This article was written by Sherry Castello and published in the Fall 1993 issue of The Baylor Line.

No longer just a dream, the Truett Seminary soon will be training a new generation of servant leaders to proclaim the message of Christ.

Preaching from pulpits within four years will be pastors who are graduates of the George W. Truett Theological Seminary, which is scheduled to open at Baylor University the fall of 1994.

If Dr. Robert Sloan, the first dean of that seminary, succeeds in his goals, these people will unquestionably be better preachers and better ministers because of their education at Truett Seminary. “They will be men and women who are rhetorically compelling and substantively engaging,” he says.

It was the preaching of Sloan himself that brought Baptist General Convention of Texas messengers to their feet in applause in Baylor’s Ferrell Center in 1991. His convention sermon, “The Church in a Changing World,” challenged Texas Baptists to be done with the controversies that have crippled their denomination and to unite in sharing the message of Jesus Christ with the world. (That sermon was printed in the January – February 1992 Baylor Line.)

He is concerned for the “almost-lost skill” of preaching and has ideas for teaching preaching and other ministry skills in non-typical ways. “I want to emphasize preaching across the curriculum so that it becomes integrated into the whole program. We plan to keep a ministry emphasis in all seminary classes – New Testament, theology, church history, or whatever; they are all matters that relate to ministry.
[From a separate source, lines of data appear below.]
(* Let $\{K_n\}$ be Kraus operators of an incoherent operation with respect to $I$. For every density matrix $\rho$ on $\mathcal H$, setting $p_n=\mathrm{Tr}[K_n\rho K_n^\dagger]$ and $\rho_n=K_n\rho K_n^\dagger/p_n$ for $p_n>0$, we have $$R_I(\rho)\ \ge\ \sum_{n:\,p_n>0}p_n\,R_I(\rho_n).$$
   Context: Fix a Hilbert space $\mathcal H$ of finite dimension $d$ with a fixed orthonormal basis $I=\{|i\rangle\}_{i=1}^d$. The set $\mathcal I$ of incoherent states consists of all density matrices $\sum_{i}p_i|i\rangle\langle i|$ with $p_i\ge0$, $\sum_ip_i=1$. An incoherent operation is a CPTP map $\Phi(\rho)=\sum_nK_n\rho K_n^\dagger$ with $\sum_nK_n^\dagger K_n=\mathbb 1$ such that $K_n\delta K_n^\dagger$ is diagonal in the basis $I$ for every $\delta\in\mathcal I$ and every $n$. For a density matrix $\rho$, let $\rho^{\mathrm{diag}}=\sum_i\langle i|\rho|i\rangle\,|i\rangle\langle i|$. For a pure state $|\psi\rangle=\sum_ia_i|i\rangle$ define $R_I(|\psi\rangle)=S\big((|\psi\rangle\langle\psi|)^{\mathrm{diag}}\big)=-\sum_i|a_i|^2\log_2|a_i|^2$, where $S$ is the von Neumann entropy. For a general density matrix $\rho$ define $R_I(\rho)=\min\sum_ep_eR_I(|\psi_e\rangle)$, the minimum over all finite pure-state decompositions $\rho=\sum_ep_e|\psi_e\rangle\langle\psi_e|$ with $p_e>0$, $\sum_ep_e=1$. *)

theory Defs
  imports "HOL-Analysis.Analysis" "Jordan_Normal_Form.Schur_Decomposition"
begin

text \<open>Hilbert space C^d with the standard (computational) basis |i>, i < d.
  Operators are d x d complex matrices; the adjoint is mat_adjoint.\<close>

definition mtrace :: "complex mat \<Rightarrow> complex" where
  "mtrace A = (\<Sum>i<dim_row A. A $$ (i,i))"

definition msum :: "nat \<Rightarrow> complex mat list \<Rightarrow> complex mat" where
  "msum d As = foldr (+) As (0\<^sub>m d d)"

definition psd_mat :: "nat \<Rightarrow> complex mat \<Rightarrow> bool" where
  "psd_mat d A \<longleftrightarrow> A \<in> carrier_mat d d \<and>
     (\<forall>v \<in> carrier_vec d. conjugate v \<bullet> (A *\<^sub>v v) \<in> \<real> \<and> Re (conjugate v \<bullet> (A *\<^sub>v v)) \<ge> 0)"

definition density_mat :: "nat \<Rightarrow> complex mat \<Rightarrow> bool" where
  "density_mat d \<rho> \<longleftrightarrow> psd_mat d \<rho> \<and> mtrace \<rho> = 1"

definition incoherent_state :: "nat \<Rightarrow> complex mat \<Rightarrow> bool" where
  "incoherent_state d \<delta> \<longleftrightarrow> (\<exists>p :: nat \<Rightarrow> real. (\<forall>i<d. p i \<ge> 0) \<and> (\<Sum>i<d. p i) = 1 \<and>
     \<delta> = mat d d (\<lambda>(i,j). if i = j then complex_of_real (p i) else 0))"

definition incoherent_kraus :: "nat \<Rightarrow> complex mat list \<Rightarrow> bool" where
  "incoherent_kraus d Ks \<longleftrightarrow>
     (\<forall>K \<in> set Ks. K \<in> carrier_mat d d) \<and>
     msum d (map (\<lambda>K. mat_adjoint K * K) Ks) = 1\<^sub>m d \<and>
     (\<forall>K \<in> set Ks. \<forall>\<delta>. incoherent_state d \<delta> \<longrightarrow> diagonal_mat (K * \<delta> * mat_adjoint K))"

definition proj :: "complex vec \<Rightarrow> complex mat" where
  "proj \<psi> = mat (dim_vec \<psi>) (dim_vec \<psi>) (\<lambda>(i,j). \<psi> $ i * cnj (\<psi> $ j))"

definition unit_vec_d :: "nat \<Rightarrow> complex vec \<Rightarrow> bool" where
  "unit_vec_d d \<psi> \<longleftrightarrow> \<psi> \<in> carrier_vec d \<and> (\<Sum>i<d. (cmod (\<psi> $ i))\<^sup>2) = 1"

text \<open>R_I of a pure state: entropy of its diagonal (convention 0 log 0 = 0; note log 2 0 = 0 in HOL).\<close>
definition RI_pure :: "complex vec \<Rightarrow> real" where
  "RI_pure \<psi> = - (\<Sum>i<dim_vec \<psi>. (cmod (\<psi> $ i))\<^sup>2 * log 2 ((cmod (\<psi> $ i))\<^sup>2))"

definition pure_decomp :: "nat \<Rightarrow> complex mat \<Rightarrow> (real \<times> complex vec) list \<Rightarrow> bool" where
  "pure_decomp d \<rho> D \<longleftrightarrow>
     (\<forall>(p,\<psi>) \<in> set D. p > 0 \<and> unit_vec_d d \<psi>) \<and>
     (\<Sum>(p,\<psi>) \<leftarrow> D. p) = 1 \<and>
     \<rho> = msum d (map (\<lambda>(p,\<psi>). complex_of_real p \<cdot>\<^sub>m proj \<psi>) D)"

definition RI :: "nat \<Rightarrow> complex mat \<Rightarrow> real" where
  "RI d \<rho> = Inf {(\<Sum>(p,\<psi>) \<leftarrow> D. p * RI_pure \<psi>) | D. pure_decomp d \<rho> D}"

end

theory Submission
  imports Defs
begin
(* Assume (A1)–(A3), that $f$ is convex, and that $\theta^\star\in\mathbb R^d$ is a global minimizer of $f$; let $f^\star=f(\theta^\star)$. Let $(\theta_t)$ be generated by mini-batch SGD with batch sizes $b_t\in\mathbb N$ and learning rates $\eta_t\in[\eta_{\min},\eta_{\max}]\subset[0,\frac2{\bar L})$, and let $T\in\mathbb N$ with $\sum_{t=0}^{T-1}\eta_t\ne0$. Then $$\min_{t\in[0:T-1]}\mathbb E[f(\theta_t)-f^\star]\le\Big(\frac{\|\theta_0-\theta^\star\|^2}{2}+\frac{\eta_{\max}(f(\theta_0)-\underline f^\star)}{2-\bar L\eta_{\max}}\Big)\frac1{\sum_{t=0}^{T-1}\eta_t}+\frac{\sigma^2}{2}\Big(1+\frac{\bar L\eta_{\max}}{2-\bar L\eta_{\max}}\Big)\frac{\sum_{t=0}^{T-1}\eta_t^2b_t^{-1}}{\sum_{t=0}^{T-1}\eta_t}.$$
   Context: Let $f_1,\dots,f_n:\mathbb R^d\to\mathbb R$, $f=\frac1n\sum_{i=1}^nf_i$. (A1) each $f_i$ is differentiable and $L_i$-smooth ($\|\nabla f_i(\theta_1)-\nabla f_i(\theta_2)\|\le L_i\|\theta_1-\theta_2\|$, $L_i>0$), and $f_i^\star:=\inf_\theta f_i(\theta)\in\mathbb R$. (A2) $\xi$ is a random variable independent of $\theta$, and the stochastic gradient $\nabla f_\xi$ satisfies $\mathbb E_\xi[\nabla f_\xi(\theta)]=\nabla f(\theta)$ and $\mathbb E_\xi\|\nabla f_\xi(\theta)-\nabla f(\theta)\|^2\le\sigma^2$ for all $\theta$, some $\sigma\ge0$. (A3) for batch size $b$, $(\xi_1,\dots,\xi_b)$ are i.i.d. copies of $\xi$ independent of $\theta$, and $\nabla f_B(\theta)=\frac1b\sum_{i=1}^b\nabla f_{\xi_i}(\theta)$. Mini-batch SGD: from $\theta_0\in\mathbb R^d$, at step $t$ draw $\xi_t=(\xi_{t,1},\dots,\xi_{t,b_t})$ as in (A3), independent of $\theta_t$ and of earlier draws, and set $\theta_{t+1}=\theta_t-\eta_t\frac1{b_t}\sum_{i=1}^{b_t}\nabla f_{\xi_{t,i}}(\theta_t)$. $\mathbb E$ is total expectation over $\xi_0,\xi_1,\dots$. $\bar L=\frac1n\sum_iL_i$, $\underline f^\star=\frac1n\sum_if_i^\star$, $[0:N]=\{0,\dots,N\}$. *)

theory Defs
  imports "HOL-Probability.Probability"
begin

definition avg_fun :: "nat \<Rightarrow> (nat \<Rightarrow> 'a \<Rightarrow> real) \<Rightarrow> 'a \<Rightarrow> real" where
  "avg_fun n fs = (\<lambda>x. (\<Sum>i<n. fs i x) / real n)"

definition avg_inf :: "nat \<Rightarrow> (nat \<Rightarrow> 'a \<Rightarrow> real) \<Rightarrow> real" where
  "avg_inf n fs = (\<Sum>i<n. Inf (range (fs i))) / real n"

end

theory Submission
  imports Defs
begin

(* Two one-step inequalities, each obtained by averaging over the batch drawn at step t with
   theta_t held fixed, drive the bound. Convexity of f and unbiasedness of the mini-batch gradient,
   whose variance is at most sigma^2 / b_t by independence of the draws, give
     E|theta_{t+1} - theta*|^2 + 2 eta_t E[f(theta_t) - f*]
       <= E|theta_t - theta*|^2 + eta_t^2 E|grad f(theta_t)|^2 + eta_t^2 sigma^2 / b_t,
   and the descent lemma for f, which is L-smooth with L the mean of the L_i, gives
     E[f(theta_{t+1}) - f_low] + eta_t (1 - L eta_t / 2) E|grad f(theta_t)|^2
       <= E[f(theta_t) - f_low] + L eta_t^2 sigma^2 / (2 b_t).
   As eta_t <= eta_max < 2 / L, telescoping the second inequality bounds the weighted gradient sum
   sum_t eta_t E|grad f(theta_t)|^2 that the first one needs; telescoping the first then bounds
   sum_t eta_t E[f(theta_t) - f*], which dominates the minimum times sum_t eta_t. *)

lemma has_real_derivative_along_line:
  fixes f :: "'a::real_inner \<Rightarrow> real"
  assumes deriv: "\<And>x. (f has_derivative (\<lambda>h. g x \<bullet> h)) (at x)"
  shows "((\<lambda>s. f (x + s *\<^sub>R v)) has_real_derivative g (x + s *\<^sub>R v) \<bullet> v) (at s within A)"
proof -
  have "((\<lambda>s. x + s *\<^sub>R v) has_derivative (\<lambda>h. h *\<^sub>R v)) (at s within A)"
    by (auto intro!: derivative_eq_intros)
  from has_derivative_compose[OF this has_derivative_at_withinI[OF deriv]]
  show ?thesis
    by (rule has_derivative_imp_has_field_derivative) (simp add: inner_scaleR_right mult.commute)
qed

lemma lipschitz_gradient_upper_bound:
  fixes f :: "'a::real_inner \<Rightarrow> real"
  assumes deriv: "\<And>x. (f has_derivative (\<lambda>h. g x \<bullet> h)) (at x)"
    and lipschitz: "\<And>x y. norm (g x - g y) \<le> L * norm (x - y)"
  shows "f y \<le> f x + g x \<bullet> (y - x) + L / 2 * (norm (y - x))\<^sup>2"
proof -
  define v where "v = y - x"
  define \<phi> where "\<phi> s = f (x + s *\<^sub>R v) - s * (g x \<bullet> v) - L / 2 * s\<^sup>2 * (norm v)\<^sup>2" for s
  have "\<phi> 1 \<le> \<phi> 0"
  proof (rule DERIV_nonpos_imp_nonincreasing[of 0 1])
    fix s :: real assume s: "0 \<le> s" "s \<le> 1"
    have "(g (x + s *\<^sub>R v) - g x) \<bullet> v \<le> norm (g (x + s *\<^sub>R v) - g x) * norm v"
      by (rule norm_cauchy_schwarz)
    also have "\<dots> \<le> L * norm (s *\<^sub>R v) * norm v"
      using lipschitz[of "x + s *\<^sub>R v" x] by (intro mult_right_mono) auto
    also have "\<dots> = L * s * (norm v)\<^sup>2"
      using s by (simp add: power2_eq_square)
    finally have "g (x + s *\<^sub>R v) \<bullet> v - g x \<bullet> v - L * s * (norm v)\<^sup>2 \<le> 0"
      by (simp add: inner_diff_left)
    moreover have "(\<phi> has_real_derivative g (x + s *\<^sub>R v) \<bullet> v - g x \<bullet> v - L * s * (norm v)\<^sup>2) (at s)"
      unfolding \<phi>_def
      by (rule has_real_derivative_along_line[OF deriv, THEN DERIV_diff, THEN DERIV_diff])
        (auto intro!: derivative_eq_intros)
    ultimately show "\<exists>y. (\<phi> has_real_derivative y) (at s) \<and> y \<le> 0"
      by blast
  qed simp
  then show ?thesis
    by (simp add: \<phi>_def v_def algebra_simps)
qed

lemma convex_on_gradient_inequality:
  fixes f :: "'a::real_inner \<Rightarrow> real"
  assumes deriv: "\<And>x. (f has_derivative (\<lambda>h. g x \<bullet> h)) (at x)"
    and convex: "convex_on UNIV f"
  shows "f x + g x \<bullet> (y - x) \<le> f y"
proof -
  define \<phi> where "\<phi> s = f (x + s *\<^sub>R (y - x))" for s :: real
  have "convex_on UNIV \<phi>"
  proof (rule convex_onI)
    fix t u w :: real assume t: "0 < t" "t < 1"
    have "x + ((1 - t) * u + t * w) *\<^sub>R (y - x)
        = (1 - t) *\<^sub>R (x + u *\<^sub>R (y - x)) + t *\<^sub>R (x + w *\<^sub>R (y - x))"
      by (simp add: algebra_simps)
    then show "\<phi> ((1 - t) *\<^sub>R u + t *\<^sub>R w) \<le> (1 - t) * \<phi> u + t * \<phi> w"
      unfolding \<phi>_def using t convex_onD[OF convex, of t "x + u *\<^sub>R (y - x)" "x + w *\<^sub>R (y - x)"]
      by simp
  qed simp
  moreover have "(\<phi> has_real_derivative g x \<bullet> (y - x)) (at 0 within UNIV)"
    unfolding \<phi>_def using has_real_derivative_along_line[OF deriv, of x "y - x" 0] by simp
  ultimately have "g x \<bullet> (y - x) * (1 - 0) \<le> \<phi> 1 - \<phi> 0"
    by (intro convex_on_imp_above_tangent) auto
  then show ?thesis
    by (simp add: \<phi>_def)
qed

lemma gradient_zero_at_minimizer:
  fixes f :: "'a::real_inner \<Rightarrow> real"
  assumes "(f has_derivative (\<lambda>h. g \<bullet> h)) (at x)" and "\<And>y. f x \<le> f y"
  shows "g = 0"
proof -
  have "(\<lambda>h. g \<bullet> h) = (\<lambda>h. 0)"
    using assms by (intro has_derivative_local_min) auto
  then have "g \<bullet> g = 0"
    by metis
  then show ?thesis
    by simp
qed

lemma (in prob_space) indep_var_nn_integral_iterated:
  assumes indep: "indep_var S Y T Z" and H: "H \<in> borel_measurable (S \<Otimes>\<^sub>M T)"
  shows "(\<integral>\<^sup>+\<omega>. H (Y \<omega>, Z \<omega>) \<partial>M) = (\<integral>\<^sup>+\<omega>. (\<integral>\<^sup>+\<omega>'. H (Y \<omega>, Z \<omega>') \<partial>M) \<partial>M)"
proof -
  have rv: "random_variable S Y" "random_variable T Z"
    and joint: "distr M S Y \<Otimes>\<^sub>M distr M T Z = distr M (S \<Otimes>\<^sub>M T) (\<lambda>\<omega>. (Y \<omega>, Z \<omega>))"
    using indep[unfolded indep_var_distribution_eq] by auto
  interpret PY: prob_space "distr M S Y" by (rule prob_space_distr) (fact rv)
  interpret PZ: prob_space "distr M T Z" by (rule prob_space_distr) (fact rv)
  interpret P: pair_sigma_finite "distr M S Y" "distr M T Z" ..
  have H': "H \<in> borel_measurable (distr M S Y \<Otimes>\<^sub>M distr M T Z)"
    using H by (simp add: measurable_def space_pair_measure sets_pair_measure)
  have "(\<integral>\<^sup>+\<omega>. H (Y \<omega>, Z \<omega>) \<partial>M) = (\<integral>\<^sup>+p. H p \<partial>distr M (S \<Otimes>\<^sub>M T) (\<lambda>\<omega>. (Y \<omega>, Z \<omega>)))"
    using H rv by (subst nn_integral_distr) (auto intro: measurable_Pair)
  also have "\<dots> = (\<integral>\<^sup>+y. (\<integral>\<^sup>+z. H (y, z) \<partial>distr M T Z) \<partial>distr M S Y)"
    using PZ.nn_integral_fst[OF H'] by (simp add: joint)
  also have "\<dots> = (\<integral>\<^sup>+\<omega>. (\<integral>\<^sup>+z. H (Y \<omega>, z) \<partial>distr M T Z) \<partial>M)"
    using PZ.borel_measurable_nn_integral_fst[OF H'] rv
    by (subst nn_integral_distr) (auto simp: measurable_distr_eq1)
  also have "\<dots> = (\<integral>\<^sup>+\<omega>. (\<integral>\<^sup>+\<omega>'. H (Y \<omega>, Z \<omega>') \<partial>M) \<partial>M)"
  proof (rule nn_integral_cong)
    fix \<omega> assume "\<omega> \<in> space M"
    then have "(\<lambda>z. H (Y \<omega>, z)) \<in> borel_measurable T"
      using H measurable_space[OF rv(1)] by simp
    then show "(\<integral>\<^sup>+z. H (Y \<omega>, z) \<partial>distr M T Z) = (\<integral>\<^sup>+\<omega>'. H (Y \<omega>, Z \<omega>') \<partial>M)"
      using rv by (subst nn_integral_distr) auto
  qed
  finally show ?thesis .
qed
“I’m going to be utterly idealistic to make my point; I want our graduates to be Christian leaders who have the creative ability to anticipate and to change with the times, to be leaders without being authoritarian dictators, to be servant leaders who show courage and who can proclaim the word of God.

“We want to produce graduates who believed in Jesus Christ, who preach and share their faith, who feed the hungry, who take the message of Christ into the world.”

He also desires to focus on the spiritual development of the seminary students, foreseeing small spiritual formation groups of faculty and students to provide community and accountability.

Since the Baylor University Board of Regents voted on May 21 to begin the seminary and named him as dean, Sloan has given much thought to the kinds of people who can best achieve the goals of the seminary.

In August he announced the selection of Dr. J. Bradley Creed as associate dean. A 1979 graduate of Baylor, Creed has served as pastor of the First Baptist Church of Natchitoches, Louisiana, since 1988. He earned his Master of Divinity and Ph.D. from Southwestern Baptist Theological Seminary, where he was a teaching fellow in the Department of Church History. His wife, Kathy Harton Creed, was graduated from Baylor in 1980; they have two children.

Sloan said, “Brad has been active in pastoral and denominational work. He has a deep Christian commitment, and he has solid academic credentials.”

Sloan says he wants faculty members who have “theological substance,” preferably persons who have experience in ministry. He puts a high value on their being flexible enough to use interdisciplinary approaches and engage in team teaching, as well as to welcome ministers into the teaching process.

He expects to hire three or four faculty members, perhaps some adjunctively, for the first fifty students to be enrolled for 1994-95. Then a couple of professors will be added, along with fifty more students, in the second and third years, to bring seminary to its goal of 150 students.

Serving as Sloan’s administrative assistant in Dodie Jackson, a seven-year veteran employee of the religion department who in 1989 received her B.B.A. from the university. She has also served on the staff at First Baptist Church for nearly ten years.

The seminary will have only Baptist faculty and staff. The students will be “mostly Baptists,” he says, but will be men and women of wide ethnic and cultural backgrounds.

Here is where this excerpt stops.